The friendliest, high quality science and math community on the planet! Everyone who loves science is here!

Newton's Rings and Gap Size - See Attachment

  1. Nov 6, 2012 #1
    1. The problem statement, all variables and given/known data

    A shallowly curved piece of glass
    is placed on a flat one. When
    viewed from above, concentric
    circles appear that are called
    Newton’s rings. In order to see
    bright rings, the gap can be:

    1. 0
    2. 1/4λ
    3. 1/2λ
    4. λ
    2. Relevant equations

    1/2 λ occurs when n2>n1

    3. The attempt at a solution

    Why isn't the answer 1/2λ? For ray 1, when air travels into glass there is a 180° phase change. When glass travels back into air, there is no phase change. For Ray 2, it looks like air travels into air (although through glass) back into air so I didn't think there would be a phase change for that.
     

    Attached Files:

  2. jcsd
  3. Nov 6, 2012 #2

    TSny

    User Avatar
    Homework Helper
    Gold Member

    Your wording has me a bit confused. The glass and the air are not traveling, just the light is traveling. Also, I'm not sure which ray you are calling Ray 1. Anyway, what's important are the two reflections that are labeled by B and C.

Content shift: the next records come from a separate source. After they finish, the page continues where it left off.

(* Let $k\in\mathbb N_0$ and $f\in\mathcal C^k(\mathbb S^2)$. Then the DFS function $\tilde f$ of $f$ belongs to $\mathcal C^k(\mathbb T^2)$ and $$\|\tilde f\|_{\mathcal C^k(\mathbb T^2)}\le\tfrac34(k+3)!\,\|f\|_{\mathcal C^k(\mathbb S^2)}.$$
   Context: Notation: $\|\cdot\|$ Euclidean norm; $B^d_k:=\{\beta\in\mathbb N_0^d: |\beta|=\sum_i\beta_i\le k\}$. For open $U\subset\mathbb R^d$: $\mathcal C(U)$ is the set of bounded uniformly continuous $f\colon U\to\mathbb C$; for $k\ge1$, $\mathcal C^k(U)$ consists of $f$ whose classical partial derivatives $D^\beta f$, $\beta\in B^d_k$, exist and lie in $\mathcal C(U)$, with $\|f\|_{\mathcal C^k(U)}=\sum_{\beta\in B^d_k}\sup_U|D^\beta f|$ ($\mathcal C^0=\mathcal C$). Torus: $\mathbb T^2=\mathbb R^2/(2\pi\mathbb Z^2)$, functions identified with $2\pi$-biperiodic functions on $\mathbb R^2$; $\mathcal C^k(\mathbb T^2)$ is the set of $2\pi$-biperiodic elements of $\mathcal C^k(\mathbb R^2)$ with the same norm. Sphere: $\mathbb S^2=\{x\in\mathbb R^3:\|x\|=1\}$. For $f\colon\mathbb S^2\to\mathbb C$, a $\mathcal C^k$-extension of $f$ is some $f^*\in\mathcal C^k(U)$, $U\supset\mathbb S^2$ open, with $f^*|_{\mathbb S^2}=f$; set $|f^*|^*_{\mathcal C^k(\mathbb S^2)}:=\sum_{\beta\in B^3_k}\sup_{\xi\in\mathbb S^2}|D^\beta f^*(\xi)|$ and $\|f\|_{\mathcal C^k(\mathbb S^2)}:=\inf$ of $|f^*|^*_{\mathcal C^k(\mathbb S^2)}$ over all $\mathcal C^k$-extensions; $\mathcal C^k(\mathbb S^2)$ is the set of $f$ with finite norm. DFS: $\phi(\lambda,\theta)=(\cos\lambda\sin\theta,\sin\lambda\sin\theta,\cos\theta)$; the DFS function of $f$ is $\tilde f:=f\circ\phi\colon\mathbb T^2\to\mathbb C$. *)

theory Defs
  imports "HOL-Analysis.Analysis"
begin

definition pd_exists :: "'n::finite \<Rightarrow> ((real,'n) vec \<Rightarrow> complex) \<Rightarrow> (real,'n) vec \<Rightarrow> bool" where
  "pd_exists i f x \<longleftrightarrow> (\<lambda>t::real. f (x + t *\<^sub>R axis i 1)) differentiable (at 0)"

definition pd :: "'n::finite \<Rightarrow> ((real,'n) vec \<Rightarrow> complex) \<Rightarrow> (real,'n) vec \<Rightarrow> complex" where
  "pd i f x = vector_derivative (\<lambda>t::real. f (x + t *\<^sub>R axis i 1)) (at 0)"

text \<open>Iterated partial derivatives along a list of directions: the head is applied last.\<close>
fun dlist :: "'n::finite list \<Rightarrow> ((real,'n) vec \<Rightarrow> complex) \<Rightarrow> (real,'n) vec \<Rightarrow> complex" where
  "dlist [] f = f"
| "dlist (i # is) f = pd i (dlist is f)"

fun dlist_ok :: "((real,'n::finite) vec) set \<Rightarrow> 'n list \<Rightarrow> ((real,'n) vec \<Rightarrow> complex) \<Rightarrow> bool" where
  "dlist_ok U [] f = True"
| "dlist_ok U (i # is) f \<longleftrightarrow> dlist_ok U is f \<and> (\<forall>x\<in>U. pd_exists i (dlist is f) x)"

text \<open>Multi-index to direction list: D^beta = d_1^{beta_1} ... d_d^{beta_d}.\<close>
definition mlist :: "('n::{finite,linorder} \<Rightarrow> nat) \<Rightarrow> 'n list" where
  "mlist \<beta> = concat (map (\<lambda>i. replicate (\<beta> i) i) (sorted_list_of_set UNIV))"

definition Dpart :: "('n::{finite,linorder} \<Rightarrow> nat) \<Rightarrow> ((real,'n) vec \<Rightarrow> complex) \<Rightarrow> (real,'n) vec \<Rightarrow> complex" where
  "Dpart \<beta> f = dlist (mlist \<beta>) f"

definition Dpart_exists :: "((real,'n::{finite,linorder}) vec) set \<Rightarrow> ('n \<Rightarrow> nat) \<Rightarrow> ((real,'n) vec \<Rightarrow> complex) \<Rightarrow> bool" where
  "Dpart_exists U \<beta> f \<longleftrightarrow> dlist_ok U (mlist \<beta>) f"

definition multi_idx :: "nat \<Rightarrow> ('n::finite \<Rightarrow> nat) set" where
  "multi_idx k = {\<beta>. (\<Sum>i\<in>UNIV. \<beta> i) \<le> k}"

definition Ck :: "nat \<Rightarrow> ((real,'n::{finite,linorder}) vec) set \<Rightarrow> ((real,'n) vec \<Rightarrow> complex) \<Rightarrow> bool" where
  "Ck k U f \<longleftrightarrow> open U \<and> (\<forall>\<beta>\<in>multi_idx k. Dpart_exists U \<beta> f \<and>
      bounded (Dpart \<beta> f ` U) \<and> uniformly_continuous_on U (Dpart \<beta> f))"

definition Ck_norm :: "nat \<Rightarrow> ((real,'n::{finite,linorder}) vec) set \<Rightarrow> ((real,'n) vec \<Rightarrow> complex) \<Rightarrow> real" where
  "Ck_norm k U f = (\<Sum>\<beta>\<in>multi_idx k. (SUP x\<in>U. cmod (Dpart \<beta> f x)))"

definition Ck_torus :: "nat \<Rightarrow> (real^2 \<Rightarrow> complex) \<Rightarrow> bool" where
  "Ck_torus k f \<longleftrightarrow> Ck k UNIV f \<and> (\<forall>x i. f (x + (2*pi) *\<^sub>R axis i 1) = f x)"

definition Ck_torus_norm :: "nat \<Rightarrow> (real^2 \<Rightarrow> complex) \<Rightarrow> real" where
  "Ck_torus_norm k f = Ck_norm k UNIV f"

abbreviation S2 :: "(real^3) set" where
  "S2 \<equiv> sphere 0 1"

definition is_Ck_extension :: "nat \<Rightarrow> (real^3 \<Rightarrow> complex) \<Rightarrow> (real^3) set \<Rightarrow> (real^3 \<Rightarrow> complex) \<Rightarrow> bool" where
  "is_Ck_extension k f U g \<longleftrightarrow> S2 \<subseteq> U \<and> Ck k U g \<and> (\<forall>\<xi>\<in>S2. g \<xi> = f \<xi>)"

definition ext_seminorm :: "nat \<Rightarrow> (real^3 \<Rightarrow> complex) \<Rightarrow> real" where
  "ext_seminorm k g = (\<Sum>\<beta>\<in>multi_idx k. (SUP \<xi>\<in>S2. cmod (Dpart \<beta> g \<xi>)))"

definition Ck_sphere_norm :: "nat \<Rightarrow> (real^3 \<Rightarrow> complex) \<Rightarrow> real" where
  "Ck_sphere_norm k f = Inf {ext_seminorm k g | g U. is_Ck_extension k f U g}"

text \<open>f in C^k(S^2) iff its norm is finite, i.e. some C^k-extension exists
  (only the values of f on S2 are relevant).\<close>
definition Ck_sphere :: "nat \<Rightarrow> (real^3 \<Rightarrow> complex) \<Rightarrow> bool" where
  "Ck_sphere k f \<longleftrightarrow> (\<exists>U g. is_Ck_extension k f U g)"

definition dfs_phi :: "real^2 \<Rightarrow> real^3" where
  "dfs_phi p = vector [cos (p$1) * sin (p$2), sin (p$1) * sin (p$2), cos (p$2)]"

    Is there a phase change at B? At C?
     
  4. Nov 6, 2012 #3
    Sorry about that. I meant to say light is traveling.

    Phase change at B - Yes.
    Phase chance at C - No
     
  5. Nov 6, 2012 #4

    TSny

    User Avatar
    Homework Helper
    Gold Member

    That's not quite right. Can you state the general rule for deciding whether or not there is a phase change?
     
  6. Nov 6, 2012 #5

    TSny

    User Avatar
    Homework Helper
    Gold Member

    Sorry, I see you already did state the rule! So, consider reflection B. Which medium is n1 and which is n2?
     
  7. Nov 6, 2012 #6
    I think my main problem is deciding the values of n2 and n1.

    n1 = air = 1.00
    n2 = glass ≈ 1.5?

    point c

    n1 = air = 1
    n2 = air = 1

    I'm unsure about part "C" because I know light travels through the glass but ends up in air.
     
  8. Nov 6, 2012 #7

    TSny

    User Avatar
    Homework Helper
    Gold Member

    At a point of reflection (say B), n1 is the medium in which the light is traveling just before it strikes the reflecting surface and n2 is the medium that the light would have traveled into if it had not reflected.
     
  9. Nov 6, 2012 #8
    Ohhhh, ok. That would mean n1 = glass ≈ 1.5. n2 = air = 1. n2 < n1 no phase change
     
  10. Nov 6, 2012 #9

    TSny

    User Avatar
    Homework Helper
    Gold Member

    Right.
     
  11. Nov 6, 2012 #10
    Since that is the case, at point "C" there is a phase change. I'm still trying to understand why the answer is 1/4λ.
     
  12. Nov 6, 2012 #11

    TSny

    User Avatar
    Homework Helper
    Gold Member

    OK, good. So, the two reflections together amount to a half-wavelength phase difference. In order to get them back in phase, what extra distance does one wave have to travel compared to the other wave (in terms of the wavelength)?
     
  13. Nov 6, 2012 #12
    Does the other wave have to go an extra "1/2" because that way both waves will be in phase and lead to constructive interference?
     
  14. Nov 6, 2012 #13

    TSny

    User Avatar
    Homework Helper
    Gold Member

    Exactly! So, how would you express the extra distance traveled by one of the waves in terms of the gap distance?
     
  15. Nov 6, 2012 #14
    I'm going to pretend I don't know what the answer is, haha.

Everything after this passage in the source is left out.